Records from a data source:
◆ ◆ ◆ ◆
theorem theorem4p2:
  fixes M :: "'a measure" and m :: nat and X0 Y0 :: "nat \<Rightarrow> 'a \<Rightarrow> nat"
    and \<eta> r :: real and n k l :: nat
  assumes m: "m \<ge> 2"
    and prob: "prob_space M"
    and meas: "\<And>i. (\<lambda>\<omega>. (X0 i \<omega>, Y0 i \<omega>)) \<in> M \<rightarrow>\<^sub>M count_space UNIV"
    and indep: "prob_space.indep_vars M (\<lambda>_. count_space UNIV) (\<lambda>i \<omega>. (X0 i \<omega>, Y0 i \<omega>)) UNIV"
    and ident: "\<And>i. distr M (count_space UNIV) (\<lambda>\<omega>. (X0 i \<omega>, Y0 i \<omega>))
                     = distr M (count_space UNIV) (\<lambda>\<omega>. (X0 0 \<omega>, Y0 0 \<omega>))"
    and marg: "\<And>j::nat. j \<ge> 1 \<Longrightarrow>
                 measure M {\<omega>\<in>space M. X0 0 \<omega> = j} \<ge> measure M {\<omega>\<in>space M. Y0 0 \<omega> = j}"
    and Y0pos: "measure M {\<omega>\<in>space M. Y0 0 \<omega> = 0} > 0"
    and coup_ge: "AE \<omega> in M. X0 0 \<omega> \<ge> Y0 0 \<omega>"
    and coup_eq: "AE \<omega> in M. Y0 0 \<omega> > 0 \<longrightarrow> X0 0 \<omega> = Y0 0 \<omega>"
    and eta: "\<eta> > 0"
    and finE: "integrable M (\<lambda>\<omega>. real (X0 0 \<omega>))"
    and Ediff: "prob_space.expectation M (\<lambda>\<omega>. real (X0 0 \<omega>) - real (Y0 0 \<omega>))
                  \<ge> \<eta> * measure M {\<omega>\<in>space M. Y0 0 \<omega> = 0}"
    and r: "r \<ge> 0"
    and l: "real l \<le> r * \<eta> / 2"
  shows "(\<integral>\<^sup>+ \<omega>. ennreal (real (tval m (\<lambda>i. X0 i \<omega>) (n + k + l) 0)) \<partial>M)
         \<ge> ennreal (real m ^ (k + l) * \<eta> / 2) *
           (\<integral>\<^sup>+ \<omega>. ennreal (real (Npaths0 m (\<lambda>i. Y0 i \<omega>) n 0)
                      * indicator {\<omega>. real (Npaths0 m (\<lambda>i. Y0 i \<omega>) n 0) \<ge> r} \<omega>
                      * indicator {\<omega>. tval m (\<lambda>i. Y0 i \<omega>) n 0 = k} \<omega>) \<partial>M)"
proof -
  interpret iid_pairs M X0 Y0
    using prob meas indep ident by (intro iid_pairs.intro iid_pairs_axioms.intro)
  have "0 < m"
    using m by simp
  have zero_mass: "ennreal \<eta> * (\<integral>\<^sup>+\<omega>. of_bool (Y0 0 \<omega> = 0) \<partial>M)
      \<le> (\<integral>\<^sup>+\<omega>. of_nat (X0 0 \<omega>) * of_bool (Y0 0 \<omega> = 0) \<partial>M)"
    using eta by (intro nn_integral_excess_on_zero_set[OF measurable_X measurable_Y finE coup_eq Ediff]) simp
  have "ennreal (real m ^ (k + l) * \<eta> / 2) = of_nat (m ^ (k + l)) * ennreal (\<eta> / 2)"
    by (subst ennreal_of_nat_eq_real_of_nat) (use eta in \<open>simp add: ennreal_mult[symmetric]\<close>)
  moreover have "(\<integral>\<^sup>+ \<omega>. ennreal (real (Npaths0 m (\<lambda>i. Y0 i \<omega>) n 0)
                      * indicator {\<omega>. real (Npaths0 m (\<lambda>i. Y0 i \<omega>) n 0) \<ge> r} \<omega>
                      * indicator {\<omega>. tval m (\<lambda>i. Y0 i \<omega>) n 0 = k} \<omega>) \<partial>M)
      = (\<integral>\<^sup>+\<omega>. of_nat (Npaths0 m (\<lambda>i. Y0 i \<omega>) n 0)
           * of_bool (r \<le> real (Npaths0 m (\<lambda>i. Y0 i \<omega>) n 0) \<and> tval m (\<lambda>i. Y0 i \<omega>) n 0 = k) \<partial>M)"
    by (intro nn_integral_cong) (simp add: indicator_def ennreal_of_nat_eq_real_of_nat)
  moreover note nn_integral_tval_ge_Npaths0[OF AE_pairs_all[OF coup_ge] zero_mass \<open>0 < m\<close> eta l]
  ultimately show ?thesis
    by (simp add: mult.assoc ennreal_of_nat_eq_real_of_nat)
qed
◆ ◆ ◆ ◆
:: Work item ::
Please return the lines above exactly, from the first one down to the line with "0 \<omega> \<ge>", and stop after that line.

:: Your solution ::
theorem theorem4p2:
  fixes M :: "'a measure" and m :: nat and X0 Y0 :: "nat \<Rightarrow> 'a \<Rightarrow> nat"
    and \<eta> r :: real and n k l :: nat
  assumes m: "m \<ge> 2"
    and prob: "prob_space M"
    and meas: "\<And>i. (\<lambda>\<omega>. (X0 i \<omega>, Y0 i \<omega>)) \<in> M \<rightarrow>\<^sub>M count_space UNIV"
    and indep: "prob_space.indep_vars M (\<lambda>_. count_space UNIV) (\<lambda>i \<omega>. (X0 i \<omega>, Y0 i \<omega>)) UNIV"
    and ident: "\<And>i. distr M (count_space UNIV) (\<lambda>\<omega>. (X0 i \<omega>, Y0 i \<omega>))
                     = distr M (count_space UNIV) (\<lambda>\<omega>. (X0 0 \<omega>, Y0 0 \<omega>))"
    and marg: "\<And>j::nat. j \<ge> 1 \<Longrightarrow>
                 measure M {\<omega>\<in>space M. X0 0 \<omega> = j} \<ge> measure M {\<omega>\<in>space M. Y0 0 \<omega> = j}"
    and Y0pos: "measure M {\<omega>\<in>space M. Y0 0 \<omega> = 0} > 0"
    and coup_ge: "AE \<omega> in M. X0 0 \<omega> \<ge> Y0 0 \<omega>"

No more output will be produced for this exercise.